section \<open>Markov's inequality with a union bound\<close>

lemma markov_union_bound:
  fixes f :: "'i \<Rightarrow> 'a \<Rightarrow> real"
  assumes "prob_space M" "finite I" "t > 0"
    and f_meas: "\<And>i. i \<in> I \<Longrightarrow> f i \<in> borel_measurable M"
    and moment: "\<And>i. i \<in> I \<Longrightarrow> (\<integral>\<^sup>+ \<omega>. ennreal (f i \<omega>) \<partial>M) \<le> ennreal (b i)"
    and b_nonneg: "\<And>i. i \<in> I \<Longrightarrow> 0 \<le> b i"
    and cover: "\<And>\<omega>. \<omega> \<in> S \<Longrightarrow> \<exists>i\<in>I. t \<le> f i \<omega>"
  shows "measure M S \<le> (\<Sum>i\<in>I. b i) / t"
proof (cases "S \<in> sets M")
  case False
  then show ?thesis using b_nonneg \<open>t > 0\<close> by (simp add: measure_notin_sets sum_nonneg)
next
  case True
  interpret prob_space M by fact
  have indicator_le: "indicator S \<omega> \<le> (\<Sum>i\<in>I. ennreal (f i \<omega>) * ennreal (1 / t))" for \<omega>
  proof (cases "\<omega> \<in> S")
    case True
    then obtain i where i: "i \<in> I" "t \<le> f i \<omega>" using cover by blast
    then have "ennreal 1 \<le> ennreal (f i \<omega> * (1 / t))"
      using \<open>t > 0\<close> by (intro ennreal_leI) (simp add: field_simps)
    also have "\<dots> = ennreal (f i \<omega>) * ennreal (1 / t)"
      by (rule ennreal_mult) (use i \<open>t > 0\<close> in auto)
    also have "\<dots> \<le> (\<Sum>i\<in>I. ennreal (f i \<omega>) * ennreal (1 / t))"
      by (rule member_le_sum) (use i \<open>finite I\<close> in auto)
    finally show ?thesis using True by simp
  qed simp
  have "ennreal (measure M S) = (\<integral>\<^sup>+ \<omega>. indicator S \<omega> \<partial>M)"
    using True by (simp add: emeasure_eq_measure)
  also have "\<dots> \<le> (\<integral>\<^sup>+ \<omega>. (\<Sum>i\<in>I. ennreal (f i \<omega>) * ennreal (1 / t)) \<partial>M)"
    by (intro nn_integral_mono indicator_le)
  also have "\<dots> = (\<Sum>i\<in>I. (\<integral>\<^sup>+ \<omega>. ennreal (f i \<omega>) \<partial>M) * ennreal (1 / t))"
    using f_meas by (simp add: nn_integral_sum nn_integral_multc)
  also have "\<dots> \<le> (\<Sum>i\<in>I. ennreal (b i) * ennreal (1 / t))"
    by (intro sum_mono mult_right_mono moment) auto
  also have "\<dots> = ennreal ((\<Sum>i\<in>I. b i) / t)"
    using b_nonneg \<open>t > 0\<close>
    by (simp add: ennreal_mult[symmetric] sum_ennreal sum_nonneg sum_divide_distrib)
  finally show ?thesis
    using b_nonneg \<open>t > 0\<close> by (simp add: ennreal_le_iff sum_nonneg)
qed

——

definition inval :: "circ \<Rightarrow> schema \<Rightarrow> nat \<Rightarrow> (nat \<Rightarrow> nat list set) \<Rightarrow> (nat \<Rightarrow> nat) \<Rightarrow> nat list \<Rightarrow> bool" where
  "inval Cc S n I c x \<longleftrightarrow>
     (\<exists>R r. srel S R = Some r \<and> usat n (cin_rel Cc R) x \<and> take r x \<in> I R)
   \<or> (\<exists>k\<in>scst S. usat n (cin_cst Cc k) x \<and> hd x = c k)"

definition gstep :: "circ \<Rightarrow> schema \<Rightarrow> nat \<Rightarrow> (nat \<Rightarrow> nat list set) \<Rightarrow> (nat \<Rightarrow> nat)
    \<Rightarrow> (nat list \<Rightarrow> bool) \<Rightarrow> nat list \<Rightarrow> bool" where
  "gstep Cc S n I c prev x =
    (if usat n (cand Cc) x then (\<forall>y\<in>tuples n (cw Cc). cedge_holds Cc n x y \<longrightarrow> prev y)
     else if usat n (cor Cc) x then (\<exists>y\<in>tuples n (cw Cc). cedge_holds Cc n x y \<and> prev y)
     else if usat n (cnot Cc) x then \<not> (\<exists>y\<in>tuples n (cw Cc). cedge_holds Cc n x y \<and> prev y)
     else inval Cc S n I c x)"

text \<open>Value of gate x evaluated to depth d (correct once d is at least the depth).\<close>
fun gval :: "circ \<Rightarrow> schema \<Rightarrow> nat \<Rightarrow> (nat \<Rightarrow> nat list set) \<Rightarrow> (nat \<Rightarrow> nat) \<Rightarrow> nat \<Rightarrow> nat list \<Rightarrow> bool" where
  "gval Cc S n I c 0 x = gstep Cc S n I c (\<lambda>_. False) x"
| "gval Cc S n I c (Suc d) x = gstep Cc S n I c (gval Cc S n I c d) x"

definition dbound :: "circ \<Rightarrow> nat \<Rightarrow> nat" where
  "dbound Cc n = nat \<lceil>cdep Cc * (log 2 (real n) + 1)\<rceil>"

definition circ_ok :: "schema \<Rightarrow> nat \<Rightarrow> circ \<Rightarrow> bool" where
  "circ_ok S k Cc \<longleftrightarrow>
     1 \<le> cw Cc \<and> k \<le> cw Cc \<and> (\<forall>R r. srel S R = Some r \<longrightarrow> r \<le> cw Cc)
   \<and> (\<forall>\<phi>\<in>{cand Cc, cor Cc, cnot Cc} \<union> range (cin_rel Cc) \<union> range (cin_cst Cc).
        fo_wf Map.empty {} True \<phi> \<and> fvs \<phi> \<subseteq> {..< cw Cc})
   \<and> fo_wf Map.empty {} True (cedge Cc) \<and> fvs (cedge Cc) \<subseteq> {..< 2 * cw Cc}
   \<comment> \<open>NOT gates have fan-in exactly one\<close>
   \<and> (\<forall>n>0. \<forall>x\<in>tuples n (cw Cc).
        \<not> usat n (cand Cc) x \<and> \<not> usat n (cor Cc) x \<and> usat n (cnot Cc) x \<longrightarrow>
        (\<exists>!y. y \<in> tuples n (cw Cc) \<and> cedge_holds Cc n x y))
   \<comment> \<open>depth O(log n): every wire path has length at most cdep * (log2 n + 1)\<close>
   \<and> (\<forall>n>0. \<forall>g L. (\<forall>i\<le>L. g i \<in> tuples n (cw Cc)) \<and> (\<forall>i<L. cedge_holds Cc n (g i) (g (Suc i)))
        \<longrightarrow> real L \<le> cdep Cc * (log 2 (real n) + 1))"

——

__Directions__
Output should match, line for line, the stretch of the material above from the line holding "section \<open>Markov's inequality" through the line holding "by (rule ennreal_mult)".

__Response__
section \<open>Markov's inequality with a union bound\<close>

lemma markov_union_bound:
  fixes f :: "'i \<Rightarrow> 'a \<Rightarrow> real"
  assumes "prob_space M" "finite I" "t > 0"
    and f_meas: "\<And>i. i \<in> I \<Longrightarrow> f i \<in> borel_measurable M"
    and moment: "\<And>i. i \<in> I \<Longrightarrow> (\<integral>\<^sup>+ \<omega>. ennreal (f i \<omega>) \<partial>M) \<le> ennreal (b i)"
    and b_nonneg: "\<And>i. i \<in> I \<Longrightarrow> 0 \<le> b i"
    and cover: "\<And>\<omega>. \<omega> \<in> S \<Longrightarrow> \<exists>i\<in>I. t \<le> f i \<omega>"
  shows "measure M S \<le> (\<Sum>i\<in>I. b i) / t"
proof (cases "S \<in> sets M")
  case False
  then show ?thesis using b_nonneg \<open>t > 0\<close> by (simp add: measure_notin_sets sum_nonneg)
next
  case True
  interpret prob_space M by fact
  have indicator_le: "indicator S \<omega> \<le> (\<Sum>i\<in>I. ennreal (f i \<omega>) * ennreal (1 / t))" for \<omega>
  proof (cases "\<omega> \<in> S")
    case True
    then obtain i where i: "i \<in> I" "t \<le> f i \<omega>" using cover by blast
    then have "ennreal 1 \<le> ennreal (f i \<omega> * (1 / t))"
      using \<open>t > 0\<close> by (intro ennreal_leI) (simp add: field_simps)
    also have "\<dots> = ennreal (f i \<omega>) * ennreal (1 / t)"
      by (rule ennreal_mult) (use i \<open>t > 0\<close> in auto)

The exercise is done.